◆ Problem to work on: Once you have read the records, write them out again exactly.
● ● ● ● ●
lemma R_sr_ge_imp_threshold:
  assumes Ps: "0 < Ps" and Pr: "0 < Pr" and "0 \<le> gsr" "0 \<le> grr" and C: "C\<^sup>2 \<le> 1"
    and r: "0 \<le> r" and rate: "r \<le> R_sr Ps Pr C gsr grr"
  shows "Psi r C / Ps * (1 + Pr * grr) \<le> gsr"
proof -
  define a where "a = Pr * grr"
  define s where "s = Ps * gsr"
  define \<gamma> where "\<gamma> = gam r"
  have a: "0 \<le> a" and s: "0 \<le> s" and \<gamma>: "0 \<le> \<gamma>"
    using assms gam_nonneg by (simp_all add: a_def s_def \<gamma>_def)
  have aC: "(a * C)\<^sup>2 \<le> a\<^sup>2" using C a by (simp add: power_mult_distrib mult_left_le)
  have "a\<^sup>2 < (a + 1)\<^sup>2" using a by (intro power_strict_mono) simp_all
  with aC have den: "0 < (a + 1)\<^sup>2 - (a * C)\<^sup>2" by linarith
  have num: "(a + 1)\<^sup>2 - (a * C)\<^sup>2 \<le> (s + a + 1)\<^sup>2 - (a * C)\<^sup>2"
    using a s by (simp add: power_mono)
  have "r \<le> 1/2 * log 2 (((s + a + 1)\<^sup>2 - (a * C)\<^sup>2) / ((a + 1)\<^sup>2 - (a * C)\<^sup>2))"
    using rate unfolding R_sr_def a_def s_def .
  then have "1 + \<gamma> \<le> ((s + a + 1)\<^sup>2 - (a * C)\<^sup>2) / ((a + 1)\<^sup>2 - (a * C)\<^sup>2)"
    unfolding \<gamma>_def using den num by (subst (asm) le_half_log2_iff) simp_all
  then have "(1 + \<gamma>) * ((a + 1)\<^sup>2 - (a * C)\<^sup>2) \<le> (s + a + 1)\<^sup>2 - (a * C)\<^sup>2"
    using den by (simp add: pos_le_divide_eq)
  \<comment> \<open>The only lossy step of the whole bound: \<open>(a C)\<^sup>2\<close> is enlarged to \<open>((a + 1) C)\<^sup>2\<close>.
    The relay-destination condition below is inverted exactly.\<close>
  moreover have "\<gamma> * (a * C)\<^sup>2 \<le> \<gamma> * ((a + 1)\<^sup>2 * C\<^sup>2)"
    using \<gamma> a by (intro mult_left_mono) (simp_all add: power_mult_distrib mult_right_mono power_mono)
  ultimately have "(1 + \<gamma> * (1 - C\<^sup>2)) * (a + 1)\<^sup>2 \<le> (s + a + 1)\<^sup>2"
    by (simp add: algebra_simps)
  then have "sqrt (1 + \<gamma> * (1 - C\<^sup>2)) * (a + 1) \<le> s + a + 1"
    using a s \<gamma> C by (intro sqrt_mult_le_of_sq_le) simp_all
  then have "Psi r C * (1 + Pr * grr) \<le> Ps * gsr"
    by (simp add: Psi_def \<gamma>_def a_def s_def algebra_simps)
  then show ?thesis using Ps by (simp add: pos_divide_le_eq mult.commute)
qed

lemma R_rd_ge_imp_threshold:
  assumes Ps: "0 < Ps" and Pr: "0 < Pr" and "0 \<le> grd" "0 \<le> gsd" and C: "C\<^sup>2 < 1"
    and r: "0 \<le> r" and rate: "r \<le> R_rd Ps Pr C grd gsd"
  shows "Psi r C / (Pr * (1 - C\<^sup>2)) * (1 + Ps * gsd) \<le> grd"
proof -
  define b where "b = Pr * grd"
  define u where "u = Ps * gsd + 1"
  define D where "D = 1 - C\<^sup>2"
  define \<gamma> where "\<gamma> = gam r"
  have b: "0 \<le> b" and u: "1 \<le> u" and D: "0 < D" and \<gamma>: "0 \<le> \<gamma>"
    using assms gam_nonneg by (simp_all add: b_def u_def D_def \<gamma>_def)
  have "(b * C)\<^sup>2 \<le> b\<^sup>2" using C b by (simp add: power_mult_distrib mult_left_le)
  moreover have "b\<^sup>2 < (b + u)\<^sup>2" using b u by (intro power_strict_mono) simp_all
  ultimately have num: "0 < (b + u)\<^sup>2 - (b * C)\<^sup>2" by linarith
  have "r \<le> 1/2 * log 2 (((b + u)\<^sup>2 - (b * C)\<^sup>2) / u\<^sup>2)"
    using rate unfolding R_rd_def b_def u_def by (simp add: add.assoc)
  then have "1 + \<gamma> \<le> ((b + u)\<^sup>2 - (b * C)\<^sup>2) / u\<^sup>2"
    unfolding \<gamma>_def using num u by (subst (asm) le_half_log2_iff) simp_all
  then have "(1 + \<gamma>) * u\<^sup>2 \<le> (b + u)\<^sup>2 - (b * C)\<^sup>2"
    using u by (simp add: pos_le_divide_eq)
  then have "\<gamma> * u\<^sup>2 \<le> D * b\<^sup>2 + 2 * b * u"
    by (simp add: D_def power2_eq_square algebra_simps)
  then have "D * (\<gamma> * u\<^sup>2) \<le> D * (D * b\<^sup>2 + 2 * b * u)"
    by (rule mult_left_mono) (use D in simp)
  then have "(1 + \<gamma> * D) * u\<^sup>2 \<le> (b * D + u)\<^sup>2"
    by (simp add: power2_eq_square algebra_simps)
  then have "sqrt (1 + \<gamma> * D) * u \<le> b * D + u"
    using b u D \<gamma> by (intro sqrt_mult_le_of_sq_le) simp_all
  then have "Psi r C * (1 + Ps * gsd) \<le> Pr * (1 - C\<^sup>2) * grd"
    by (simp add: Psi_def \<gamma>_def D_def b_def u_def algebra_simps)
  then show ?thesis using Pr D by (simp add: D_def pos_divide_le_eq mult_ac)
qed

lemma no_outage_imp_thresholds:
  assumes Ps: "0 < Ps" and Pr: "0 < Pr" and "0 \<le> gsr" "0 \<le> grr" "0 \<le> grd" "0 \<le> gsd"
    and C: "C\<^sup>2 < 1" and r: "0 \<le> r"
    and "\<not> min (R_sr Ps Pr C gsr grr) (R_rd Ps Pr C grd gsd) < r"
  shows "Psi r C / Ps * (1 + Pr * grr) \<le> gsr \<and> Psi r C / (Pr * (1 - C\<^sup>2)) * (1 + Ps * gsd) \<le> grd"
proof -
  have sr: "r \<le> R_sr Ps Pr C gsr grr" and rd: "r \<le> R_rd Ps Pr C grd gsd"
    using assms(9) by auto
  show ?thesis
    by (intro conjI R_sr_ge_imp_threshold[OF Ps Pr assms(3,4) _ r sr]
        R_rd_ge_imp_threshold[OF Ps Pr assms(5,6) C r rd]) (use C in simp)
qed

lemma gam_pos: "0 < r \<Longrightarrow> 0 < gam r"
  unfolding gam_def using gr_one_powr[of 2 "2 * r"] by simp

lemma Psi_pos:
  assumes "0 < r" "C\<^sup>2 < 1"
  shows "0 < Psi r C"
proof -
  have "0 < gam r * (1 - C\<^sup>2)" using assms gam_pos by simp
  then show ?thesis unfolding Psi_def by simp
qed

lemma gamma_density_eq_erlang_density:
  assumes "1 \<le> m" "0 < \<theta>"
  shows "gamma_density m \<theta> = erlang_density (m - 1) (1 / \<theta>)"
proof
  fix x
  obtain k where k: "m = Suc k" using assms(1) by (cases m) auto
  have "Gamma (real m) = fact k"
    using Gamma_fact[of k, where 'a=real] by (simp add: k add.commute)
  then show "gamma_density m \<theta> x = erlang_density (m - 1) (1 / \<theta>) x"
    using assms(2) unfolding gamma_density_def erlang_density_def
    by (auto simp: k power_one_over field_simps)
qed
● ● ● ● ●
◆ Solution to the exercise:
lemma R_sr_ge_imp_threshold:
  assumes Ps: "0 < Ps" and Pr: "0 < Pr" and "0 \<le> gsr" "0 \<le> grr" and C: "C\<^sup>2 \<le> 1"
    and r: "0 \<le> r" and rate: "r \<le> R_sr Ps Pr C gsr grr"
  shows "Psi r C / Ps * (1 + Pr * grr) \<le> gsr"
proof -
  define a where "a = Pr * grr"
  define s where "s = Ps * gsr"
  define \<gamma> where "\<gamma> = gam r"
  have a: "0 \<le> a" and s: "0 \<le> s" and \<gamma>: "0 \<le> \<gamma>"
    using assms gam_nonneg by (simp_all add: a_def s_def \<gamma>_def)
  have aC: "(a * C)\<^sup>2 \<le> a\<^sup>2" using C a by (simp add: power_mult_distrib mult_left_le)
  have "a\<^sup>2 < (a + 1)\<^sup>2" using a by (intro power_strict_mono) simp_all
  with aC have den: "0 < (a + 1)\<^sup>2 - (a * C)\<^sup>2" by linarith
  have num: "(a + 1)\<^sup>2 - (a * C)\<^sup>2 \<le> (s + a + 1)\<^sup>2 - (a * C)\<^sup>2"
    using a s by (simp add: power_mono)
  have "r \<le> 1/2 * log 2 (((s + a + 1)\<^sup>2 - (a * C)\<^sup>2) / ((a + 1)\<^sup>2 - (a * C)\<^sup>2))"
    using rate unfolding R_sr_def a_def s_def .
  then have "1 + \<gamma> \<le> ((s + a + 1)\<^sup>2 - (a * C)\<^sup>2) / ((a + 1)\<^sup>2 - (a * C)\<^sup>2)"
    unfolding \<gamma>_def using den num by (subst (asm) le_half_log2_iff) simp_all
  then have "(1 + \<gamma>) * ((a + 1)\<^sup>2 - (a * C)\<^sup>2) \<le> (s + a + 1)\<^sup>2 - (a * C)\<^sup>2"
    using den by (simp add: pos_le_divide_eq)
  \<comment> \<open>The only lossy step of the whole bound: \<open>(a C)\<^sup>2\<close> is enlarged to \<open>((a + 1) C)\<^sup>2\<close>.
    The relay-destination condition below is inverted exactly.\<close>
  moreover have "\<gamma> * (a * C)\<^sup>2 \<le> \<gamma> * ((a + 1)\<^sup>2 * C\<^sup>2)"
    using \<gamma> a by (intro mult_left_mono) (simp_all add: power_mult_distrib mult_right_mono power_mono)
  ultimately have "(1 + \<gamma> * (1 - C\<^sup>2)) * (a + 1)\<^sup>2 \<le> (s + a + 1)\<^sup>2"
    by (simp add: algebra_simps)
  then have "sqrt (1 + \<gamma> * (1 - C\<^sup>2)) * (a + 1) \<le> s + a + 1"
    using a s \<gamma> C by (intro sqrt_mult_le_of_sq_le) simp_all
  then have "Psi r C * (1 + Pr * grr) \<le> Ps * gsr"
    by (simp add: Psi_def \<gamma>_def a_def s_def algebra_simps)
  then show ?thesis using Ps by (simp add: pos_divide_le_eq mult.commute)
qed

lemma R_rd_ge_imp_threshold:
  assumes Ps: "0 < Ps" and Pr: "0 < Pr" and "0 \<le> grd" "0 \<le> gsd" and C: "C\<^sup>2 < 1"
    and r: "0 \<le> r" and rate: "r \<le> R_rd Ps Pr C grd gsd"
  shows "Psi r C / (Pr * (1 - C\<^sup>2)) * (1 + Ps * gsd) \<le> grd"
proof -
  define b where "b = Pr * grd"
  define u where "u = Ps * gsd + 1"
  define D where "D = 1 - C\<^sup>2"
  define \<gamma> where "\<gamma> = gam r"
  have b: "0 \<le> b" and u: "1 \<le> u" and D: "0 < D" and \<gamma>: "0 \<le> \<gamma>"
    using assms gam_nonneg by (simp_all add: b_def u_def D_def \<gamma>_def)
  have "(b * C)\<^sup>2 \<le> b\<^sup>2" using C b by (simp add: power_mult_distrib mult_left_le)
  moreover have "b\<^sup>2 < (b + u)\<^sup>2" using b u by (intro power_strict_mono) simp_all
  ultimately have num: "0 < (b + u)\<^sup>2 - (b * C)\<^sup>2" by linarith
  have "r \<le> 1/2 * log 2 (((b + u)\<^sup>2 - (b * C)\<^sup>2) / u\<^sup>2)"
    using rate unfolding R_rd_def b_def u_def by (simp add: add.assoc)
  then have "1 + \<gamma> \<le> ((b + u)\<^sup>2 - (b * C)\<^sup>2) / u\<^sup>2"
    unfolding \<gamma>_def using num u by (subst (asm) le_half_log2_iff) simp_all
  then have "(1 + \<gamma>) * u\<^sup>2 \<le> (b + u)\<^sup>2 - (b * C)\<^sup>2"
    using u by (simp add: pos_le_divide_eq)
  then have "\<gamma> * u\<^sup>2 \<le> D * b\<^sup>2 + 2 * b * u"
    by (simp add: D_def power2_eq_square algebra_simps)
  then have "D * (\<gamma> * u\<^sup>2) \<le> D * (D * b\<^sup>2 + 2 * b * u)"
    by (rule mult_left_mono) (use D in simp)
  then have "(1 + \<gamma> * D) * u\<^sup>2 \<le> (b * D + u)\<^sup>2"
    by (simp add: power2_eq_square algebra_simps)
  then have "sqrt (1 + \<gamma> * D) * u \<le> b * D + u"
    using b u D \<gamma> by (intro sqrt_mult_le_of_sq_le) simp_all
  then have "Psi r C * (1 + Ps * gsd) \<le> Pr * (1 - C\<^sup>2) * grd"
    by (simp add: Psi_def \<gamma>_def D_def b_def u_def algebra_simps)
  then show ?thesis using Pr D by (simp add: D_def pos_divide_le_eq mult_ac)
qed

lemma no_outage_imp_thresholds:
  assumes Ps: "0 < Ps" and Pr: "0 < Pr" and "0 \<le> gsr" "0 \<le> grr" "0 \<le> grd" "0 \<le> gsd"
    and C: "C\<^sup>2 < 1" and r: "0 \<le> r"
    and "\<not> min (R_sr Ps Pr C gsr grr) (R_rd Ps Pr C grd gsd) < r"
  shows "Psi r C / Ps * (1 + Pr * grr) \<le> gsr \<and> Psi r C / (Pr * (1 - C\<^sup>2)) * (1 + Ps * gsd) \<le> grd"
proof -
  have sr: "r \<le> R_sr Ps Pr C gsr grr" and rd: "r \<le> R_rd Ps Pr C grd gsd"
    using assms(9) by auto
  show ?thesis
    by (intro conjI R_sr_ge_imp_threshold[OF Ps Pr assms(3,4) _ r sr]
        R_rd_ge_imp_threshold[OF Ps Pr assms(5,6) C r rd]) (use C in simp)
qed

lemma gam_pos: "0 < r \<Longrightarrow> 0 < gam r"
  unfolding gam_def using gr_one_powr[of 2 "2 * r"] by simp

lemma Psi_pos:
  assumes "0 < r" "C\<^sup>2 < 1"
  shows "0 < Psi r C"
proof -
  have "0 < gam r * (1 - C\<^sup>2)" using assms gam_pos by simp
  then show ?thesis unfolding Psi_def by simp
qed

lemma gamma_density_eq_erlang_density:
  assumes "1 \<le> m" "0 < \<theta>"
  shows "gamma_density m \<theta> = erlang_density (m - 1) (1 / \<theta>)"
proof
  fix x
  obtain k where k: "m = Suc k" using assms(1) by (cases m) auto
  have "Gamma (real m) = fact k"
    using Gamma_fact[of k, where 'a=real] by (simp add: k add.commute)
  then show "gamma_density m \<theta> x = erlang_density (m - 1) (1 / \<theta>) x"
    using assms(2) unfolding gamma_density_def erlang_density_def
    by (auto simp: k power_one_over field_simps)
qed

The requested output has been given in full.